- _What you are asked to do_:
Determine the number of lines in the data that contain "lemma". Answer with that number only.

───── Dataset

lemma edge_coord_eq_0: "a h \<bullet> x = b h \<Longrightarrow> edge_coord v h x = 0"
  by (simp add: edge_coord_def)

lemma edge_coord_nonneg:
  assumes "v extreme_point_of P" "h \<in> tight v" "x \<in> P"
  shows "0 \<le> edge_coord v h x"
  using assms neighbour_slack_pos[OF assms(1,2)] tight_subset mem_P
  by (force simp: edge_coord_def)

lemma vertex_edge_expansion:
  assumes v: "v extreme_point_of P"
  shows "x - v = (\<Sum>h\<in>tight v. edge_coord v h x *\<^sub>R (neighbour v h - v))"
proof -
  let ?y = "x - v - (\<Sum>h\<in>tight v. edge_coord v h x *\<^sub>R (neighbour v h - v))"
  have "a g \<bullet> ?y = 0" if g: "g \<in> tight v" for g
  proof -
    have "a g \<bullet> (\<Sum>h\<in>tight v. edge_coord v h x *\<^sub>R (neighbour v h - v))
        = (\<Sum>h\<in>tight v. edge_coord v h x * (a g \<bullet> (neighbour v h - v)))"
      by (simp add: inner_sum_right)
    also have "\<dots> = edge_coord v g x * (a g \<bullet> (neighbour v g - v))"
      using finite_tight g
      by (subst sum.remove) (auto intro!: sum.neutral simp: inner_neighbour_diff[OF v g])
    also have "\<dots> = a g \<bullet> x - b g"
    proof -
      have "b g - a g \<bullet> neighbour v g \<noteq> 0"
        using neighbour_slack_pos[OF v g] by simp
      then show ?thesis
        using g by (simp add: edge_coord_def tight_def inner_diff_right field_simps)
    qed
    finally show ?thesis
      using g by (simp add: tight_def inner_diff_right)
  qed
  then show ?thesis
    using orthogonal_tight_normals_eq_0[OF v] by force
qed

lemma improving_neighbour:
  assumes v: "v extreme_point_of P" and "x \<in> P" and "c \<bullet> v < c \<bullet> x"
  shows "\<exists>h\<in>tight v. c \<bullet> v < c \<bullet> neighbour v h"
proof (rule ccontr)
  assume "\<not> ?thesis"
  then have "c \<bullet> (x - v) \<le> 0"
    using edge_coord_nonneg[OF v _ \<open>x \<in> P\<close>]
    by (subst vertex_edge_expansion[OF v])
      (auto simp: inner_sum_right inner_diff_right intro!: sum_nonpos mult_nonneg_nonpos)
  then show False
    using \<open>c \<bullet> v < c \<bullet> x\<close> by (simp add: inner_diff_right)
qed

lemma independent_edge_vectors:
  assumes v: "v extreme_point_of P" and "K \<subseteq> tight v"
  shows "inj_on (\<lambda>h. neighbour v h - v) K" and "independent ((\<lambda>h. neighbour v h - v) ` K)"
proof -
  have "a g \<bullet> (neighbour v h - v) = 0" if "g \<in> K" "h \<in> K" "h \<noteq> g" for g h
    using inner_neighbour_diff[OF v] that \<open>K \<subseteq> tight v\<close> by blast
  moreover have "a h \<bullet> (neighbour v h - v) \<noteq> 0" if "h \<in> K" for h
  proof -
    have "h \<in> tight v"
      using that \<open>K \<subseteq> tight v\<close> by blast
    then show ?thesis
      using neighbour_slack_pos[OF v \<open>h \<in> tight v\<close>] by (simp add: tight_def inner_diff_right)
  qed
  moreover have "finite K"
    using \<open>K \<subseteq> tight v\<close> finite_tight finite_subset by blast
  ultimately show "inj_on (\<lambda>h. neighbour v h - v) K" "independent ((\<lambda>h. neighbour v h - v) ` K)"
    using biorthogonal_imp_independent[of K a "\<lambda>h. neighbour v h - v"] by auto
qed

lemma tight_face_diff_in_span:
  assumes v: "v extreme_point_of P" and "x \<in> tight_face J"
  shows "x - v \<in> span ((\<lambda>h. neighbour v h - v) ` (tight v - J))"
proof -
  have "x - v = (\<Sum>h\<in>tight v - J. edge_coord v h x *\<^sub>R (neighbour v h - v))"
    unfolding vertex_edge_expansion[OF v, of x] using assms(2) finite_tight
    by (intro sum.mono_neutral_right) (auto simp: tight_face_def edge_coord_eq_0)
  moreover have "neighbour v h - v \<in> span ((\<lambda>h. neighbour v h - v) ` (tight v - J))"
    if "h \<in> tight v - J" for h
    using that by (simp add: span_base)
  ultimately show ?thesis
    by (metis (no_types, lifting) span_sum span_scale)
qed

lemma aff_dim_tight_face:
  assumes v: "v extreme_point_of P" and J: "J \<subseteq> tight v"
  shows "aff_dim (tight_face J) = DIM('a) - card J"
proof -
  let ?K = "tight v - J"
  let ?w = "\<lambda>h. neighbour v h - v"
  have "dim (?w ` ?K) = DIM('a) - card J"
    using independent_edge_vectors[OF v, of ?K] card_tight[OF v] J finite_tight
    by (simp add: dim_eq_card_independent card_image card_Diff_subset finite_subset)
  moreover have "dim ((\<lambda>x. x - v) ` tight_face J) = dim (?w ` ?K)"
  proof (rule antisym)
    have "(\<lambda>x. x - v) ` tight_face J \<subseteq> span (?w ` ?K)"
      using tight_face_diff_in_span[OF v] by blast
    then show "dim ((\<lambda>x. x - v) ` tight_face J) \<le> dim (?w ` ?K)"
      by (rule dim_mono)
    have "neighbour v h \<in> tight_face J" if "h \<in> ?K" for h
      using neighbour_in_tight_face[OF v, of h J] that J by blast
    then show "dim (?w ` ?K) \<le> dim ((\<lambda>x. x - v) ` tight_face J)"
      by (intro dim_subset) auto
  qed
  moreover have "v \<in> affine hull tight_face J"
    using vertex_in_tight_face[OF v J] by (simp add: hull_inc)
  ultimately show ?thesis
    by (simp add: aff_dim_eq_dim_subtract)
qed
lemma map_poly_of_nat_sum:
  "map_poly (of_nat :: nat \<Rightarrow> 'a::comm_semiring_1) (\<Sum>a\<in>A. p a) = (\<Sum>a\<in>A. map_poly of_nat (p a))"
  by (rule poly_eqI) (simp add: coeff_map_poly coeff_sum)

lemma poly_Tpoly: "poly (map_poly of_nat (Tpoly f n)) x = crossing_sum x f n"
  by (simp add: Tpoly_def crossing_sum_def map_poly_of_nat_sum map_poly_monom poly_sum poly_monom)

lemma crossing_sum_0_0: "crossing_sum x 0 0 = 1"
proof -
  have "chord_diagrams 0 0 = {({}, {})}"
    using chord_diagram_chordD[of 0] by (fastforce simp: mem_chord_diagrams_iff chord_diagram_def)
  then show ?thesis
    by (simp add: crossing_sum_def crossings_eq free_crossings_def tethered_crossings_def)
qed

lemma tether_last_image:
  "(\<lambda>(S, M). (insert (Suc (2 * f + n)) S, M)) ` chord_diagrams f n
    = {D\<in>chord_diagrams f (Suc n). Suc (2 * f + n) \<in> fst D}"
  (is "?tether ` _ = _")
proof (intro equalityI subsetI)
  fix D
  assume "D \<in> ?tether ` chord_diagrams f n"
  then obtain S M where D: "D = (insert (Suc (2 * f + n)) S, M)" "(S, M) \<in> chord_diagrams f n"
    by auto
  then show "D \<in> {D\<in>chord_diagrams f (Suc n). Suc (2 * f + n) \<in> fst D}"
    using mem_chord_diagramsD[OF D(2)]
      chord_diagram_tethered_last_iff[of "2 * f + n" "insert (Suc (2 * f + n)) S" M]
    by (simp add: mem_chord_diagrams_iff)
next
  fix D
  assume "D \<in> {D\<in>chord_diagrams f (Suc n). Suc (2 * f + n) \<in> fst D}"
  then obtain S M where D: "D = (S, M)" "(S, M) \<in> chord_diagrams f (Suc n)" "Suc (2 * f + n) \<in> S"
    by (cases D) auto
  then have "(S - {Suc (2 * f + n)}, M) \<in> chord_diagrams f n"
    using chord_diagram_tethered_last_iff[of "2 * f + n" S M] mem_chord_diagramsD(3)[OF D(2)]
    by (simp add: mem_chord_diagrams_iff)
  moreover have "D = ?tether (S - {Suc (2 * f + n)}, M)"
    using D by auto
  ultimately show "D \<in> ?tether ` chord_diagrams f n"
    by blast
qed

──────────

- _Task result_:
11